US/Cuba Relations by Micah Mora

Points:

1) The idea of custody over Cuba goes as far back as 1832 when Secretary of State John Quincy Adams wrote: "There are laws of political as well as of physical gravitation; and if an apple, severed by the tempest from its native tree, cannot choose but fall to the ground, Cuba, forcibly disjoined from its own unnatural connection with Spain, and incapable of self-support, can gravitate only towards the North American Union." (Bolender, 5)

2) There was no Cuban representative at the signing, on the insistence of the American side. This was the start of the historical dialogue that the Cubans had nothing to do with winning their own independence; that national freedom was solely based on the actions of the United States. (Bolender, 6)

3) The portrayal of Cuba as a helpless woman had another implication: that the Cuban men were ineffective, they could not win their war of independence and so by extension were incapable of running their own country. (Bolender, 6)

4) That any Cuban leader who dared to challenge these historical facts, and "who sought to destroy Cuba's historic ties with the United States could not be acting from motives of concern for the Cuban people but must be a power-hungry dictator with regional ambitions." (Bolender, 12)

5) Of all the terrorist acts committed against Cuba, none has been more shattering than the bombing of the Cuban Airlines airplane in 1976. It remains the second most destructive act of air terrorism in North America, after 9/11. (Bolender, 21)

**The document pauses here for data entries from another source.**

(* Let $(\mathbf X_1,\mathbf Y_1)$ and $(\mathbf X_2,\mathbf Y_2)$ be general correlated sources, both uniformly integrable, with $\underline D(\mathbf X_1\Vert\mathbf X_2)>0$ and $\underline D(\mathbf X_2\Vert\mathbf X_1)>0$, and let $(\mathbf X,\mathbf Y)$ be their mixture $P_{X^nY^n}=\alpha_1P_{X_1^nY_1^n}+\alpha_2P_{X_2^nY_2^n}$ with $\alpha_1,\alpha_2>0$, $\alpha_1+\alpha_2=1$. If for $i=1$ or for $i=2$ (or both) the limit $\lim_{n\to\infty}\frac1n\overline H_s^\varepsilon(X_i^n|Y_i^n)$ exists for all sufficiently small $\varepsilon>0$, then \[\overline H_s(\mathbf X|\mathbf Y)=\sum_{i=1,2}\alpha_i\overline H_s(\mathbf X_i|\mathbf Y_i).\]
   Context: A general correlated source $\{(X^n,Y^n)\}_{n\ge1}$ is an arbitrary sequence of pairs of random variables on $\mathcal X^n\times\mathcal Y^n$, $\mathcal X,\mathcal Y$ finite or countably infinite (no structural assumptions; marginal probabilities positive). Logs base 2. A source is uniformly integrable if $Z_n=\frac1n\log\frac1{P_{X^n|Y^n}(X^n|Y^n)}$ satisfies $\lim_{u\to\infty}\sup_n\sum_{z:|z|\ge u}P_{Z_n}(z)|z|=0$. $\underline D(\mathbf X_1\Vert\mathbf X_2)=\sup\{\beta:\lim_n\Pr\{\frac1n\log\frac{P_{X_1^n}(X_1^n)}{P_{X_2^n}(X_1^n)}<\beta\}=0\}$ with $X_1^n\sim P_{X_1^n}$ (marginals on $\mathcal X^n$). For a source with distributions $P_{X^nY^n}$, $x^n$ and $\varepsilon\in(0,1]$: $\overline h^\varepsilon(x^n|P_{X^nY^n})=\inf\{a\in\mathbb R:\sum_{y^n:\log(1/P_{X^n|Y^n}(x^n|y^n))>a}P_{Y^n|X^n}(y^n|x^n)\le\varepsilon\}$; $\overline H_s^\varepsilon(X^n|Y^n)=\sum_{x^n}P_{X^n}(x^n)\overline h^\varepsilon(x^n|P_{X^nY^n})$; $\overline H_s(\mathbf X|\mathbf Y)=\lim_{\varepsilon\downarrow0}\limsup_n\frac1n\overline H_s^\varepsilon(X^n|Y^n)$; same definitions for each component $(\mathbf X_i,\mathbf Y_i)$. *)

theory Defs
  imports "HOL-Probability.Probability"
begin

type_synonym ('a, 'b) source = "nat \<Rightarrow> ('a list \<times> 'b list) pmf"

definition general_source :: "('a::countable, 'b::countable) source \<Rightarrow> bool" where
  "general_source P \<longleftrightarrow>
     (\<forall>n. set_pmf (P n) \<subseteq> {(x, y). length x = n \<and> length y = n}) \<and>
     (\<forall>n x. length x = n \<longrightarrow> pmf (map_pmf fst (P n)) x > 0) \<and>
     (\<forall>n y. length y = n \<longrightarrow> pmf (map_pmf snd (P n)) y > 0)"

definition PX :: "('a, 'b) source \<Rightarrow> nat \<Rightarrow> 'a list \<Rightarrow> real" where
  "PX P n x = pmf (map_pmf fst (P n)) x"

definition PY :: "('a, 'b) source \<Rightarrow> nat \<Rightarrow> 'b list \<Rightarrow> real" where
  "PY P n y = pmf (map_pmf snd (P n)) y"

definition condXY :: "('a, 'b) source \<Rightarrow> nat \<Rightarrow> 'a list \<Rightarrow> 'b list \<Rightarrow> real" where
  "condXY P n x y = pmf (P n) (x, y) / PY P n y"

definition condYX :: "('a, 'b) source \<Rightarrow> nat \<Rightarrow> 'a list \<Rightarrow> 'b list \<Rightarrow> real" where
  "condYX P n x y = pmf (P n) (x, y) / PX P n x"

definition Zdist :: "('a, 'b) source \<Rightarrow> nat \<Rightarrow> real pmf" where
  "Zdist P n = map_pmf (\<lambda>(x, y). (1 / real n) * log 2 (1 / condXY P n x y)) (P n)"

definition uniformly_integrable :: "('a, 'b) source \<Rightarrow> bool" where
  "uniformly_integrable P \<longleftrightarrow>
     ((\<lambda>u::real. SUP n\<in>{1..}. (\<Sum>\<^sub>\<infinity> z\<in>{z. \<bar>z\<bar> \<ge> u}. ennreal (pmf (Zdist P n) z * \<bar>z\<bar>)))
        \<longlongrightarrow> 0) at_top"

definition D_lower :: "('a, 'b) source \<Rightarrow> ('a, 'c) source \<Rightarrow> ereal" where
  "D_lower P1 P2 = Sup {ereal \<beta> | \<beta>.
     (\<lambda>n. measure_pmf.prob (map_pmf fst (P1 n))
            {x. (1 / real n) * log 2 (PX P1 n x / PX P2 n x) < \<beta>}) \<longlonglongrightarrow> 0}"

6) I was particularly struck by the near-complete absence of black Cubans and of any discussion of racism among Cuban immigrants. (Hay, 2)

7) I found that one important factor in the socioeconomic status of black Cubans is the discrimination they experienced from some of their white co-ethnics. (Hay, 4)

Questions:

1) How does a superpower like America continually justify it's intrusion into countries like Cuba, and then deem them inferior or incapable of self-government when it never allows the country to capitalize on their gained freedom before, instead, institutionalizing it under its authority without its own dueprocess?

2) Many heartbreaking acts of terrorism have been committed against Cuba and it's everyday citizens, yet very little is publicly known or addressed about any, including a terrorist attack that is second in terrorist air attacks only to 9/11. How is our government not able to sympathize more with this and many other of the atrocities committed against the Cuban people?

3) How empowering was American propaganda to easily classify Cuban men as effeminate, and in turn demoralizing and power-stripping [them] of any real presence and strength to defend and stand for themselves in the eyes of the American people?

4) America easily painted Fidel as a mercinary and cruel dictator, yet why did they fail to see that their own restrictions and presence of power was as dictatorial as the leader they fought to tear down?

5) Why is very little mentioned of Cuba's vast disparity due to race color? Why is very little mentioned or talked about when addressing the black/African Cuban people, when a vast number of its people are of African descent and even have darker skin than the preconceived whiter Cubans most thought about like in Miami?

Works Cited

Bolender, Keith. Voices from the other side: an oral history of terrorism against Cuba. Pluto, 2010.

Hay, Michelle A. "I've been black in two countries" : Black Cuban views on race in the US. El Paso, 2009.